When Stephen Mannering, the rebel officer who had given the order for the seizure of Colonel Washington's house, inquired how many prisoners had been taken there, and how they were armed, he was told fourteen, with "guns loaden." Whereupon he exclaimed that if he had been there with fourteen men, he would "uphold the house from five hundred men, or else die at their feet."
Mannering furthermore expressed the opinion that "General Ingram was a cowardly, treacherous dog for laying down his arms, or otherwise he would die himself at the face of his enemies."

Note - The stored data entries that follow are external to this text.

text \<open>Every value of tau is tau_profile at (mu, M1, mu, M2) with M1, M2 < m and mu = min M1 M2.\<close>

theorem proposition3p1p2:
  fixes p m :: nat
  assumes "prime p" and "odd p" and "m \<ge> 2"
  shows "finite {tau p m q1 q2 | q1 q2.
                   \<not> int (p ^ m) dvd q1 \<and> \<not> int (p ^ m) dvd q2 \<and>
                   \<not> int (p ^ m) dvd (q1 + q2) \<and> \<not> int (p ^ m) dvd (q1 - q2)}
       \<and> card {tau p m q1 q2 | q1 q2.
                   \<not> int (p ^ m) dvd q1 \<and> \<not> int (p ^ m) dvd q2 \<and>
                   \<not> int (p ^ m) dvd (q1 + q2) \<and> \<not> int (p ^ m) dvd (q1 - q2)} \<le> m ^ 2"
    (is "finite ?S \<and> card ?S \<le> _")
proof -
  define g where "g = (\<lambda>(M1, M2). tau_profile p m (min M1 M2) M1 (min M1 M2) M2)"
  have covered: "?S \<subseteq> g ` ({..<m} \<times> {..<m})"
  proof safe
    fix q1 q2 :: int
    assume h: "\<not> int (p ^ m) dvd q1" "\<not> int (p ^ m) dvd q2"
      "\<not> int (p ^ m) dvd (q1 + q2)" "\<not> int (p ^ m) dvd (q1 - q2)"
    let ?v = "multiplicity (int p)"
    have nonzero: "q1 \<noteq> 0" "q2 \<noteq> 0" "q1 + q2 \<noteq> 0" "q1 - q2 \<noteq> 0" using h by auto
    note balance = valuation_balance[OF assms(1,2) nonzero]
    have "tau p m q1 q2 = g (max (?v q1) (?v q2), max (?v (q1 + q2)) (?v (q1 - q2)))"
      unfolding tau_eq_profile[OF assms(1) nonzero] g_def
      using tau_profile_by_maxima[OF balance] by simp
    moreover have "(max (?v q1) (?v q2), max (?v (q1 + q2)) (?v (q1 - q2))) \<in> {..<m} \<times> {..<m}"
      using h by (simp add: multiplicity_below)
    ultimately show "tau p m q1 q2 \<in> g ` ({..<m} \<times> {..<m})"
      by (rule image_eqI)
  qed
  have finite_values: "finite (g ` ({..<m} \<times> {..<m}))" by simp
  have "card (g ` ({..<m} \<times> {..<m})) \<le> m ^ 2"
    using card_image_le[of "{..<m} \<times> {..<m}" g] by (simp add: card_cartesian_product power2_eq_square)
  then have "card ?S \<le> m ^ 2"
    using card_mono[OF finite_values covered] by linarith
  with finite_subset[OF covered finite_values] show ?thesis by simp
qed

John Pygott, of Henrico, showed how far from recantation he was by uttering a curse against all men who would not "pledge the juice and quintessence of Bacon."
XV.
PEACE RESTORED.
About the time of meeting of the "Green Spring" Assembly, a small fleet arrived from England, bringing the long-looked-for "red-coats" and also three gentlemen--Sir John Berry, Colonel Herbert Jeffreys, and Colonel Francis Moryson--commissioned by the King to inquire into and report upon the state of affairs in the colony. His Majesty's "red-coats" found that their services were not needed, but the conciliatory attitude of the "Commissioners" doubtless aided in restoring peace, and their official report makes interesting reading. In a tactful address to the Assembly they expressed the hope that the "debates and consultations" of that body might be for the "glory of God, the honor of his most sacred Majesty, and the happy restoration, public good, and long lasting welfare and resettlement of this so miserable, shattered, and lacerated colony," and that the Assembly might gain for itself the "name and memorable reputation of the _healing_ Assembly," and in order that it might be the "more truly styled so," the Commissioners advised that it would thoroughly "inspect and search into the depth and yet hidden root and course of these late rebellious distempers that have broke out and been so contagious and spreading over the whole country," that it might thus decide "what apt and wholesome laws" might be "most properly applied, not only to prevent the like evil consequences for the future but also effectually to staunch and heal the fresh and bleeding wounds these unnatural wars have caused among you, that there may as few and small scars and marks remain, as you in your prudent care and tenderness can possibly bring them to."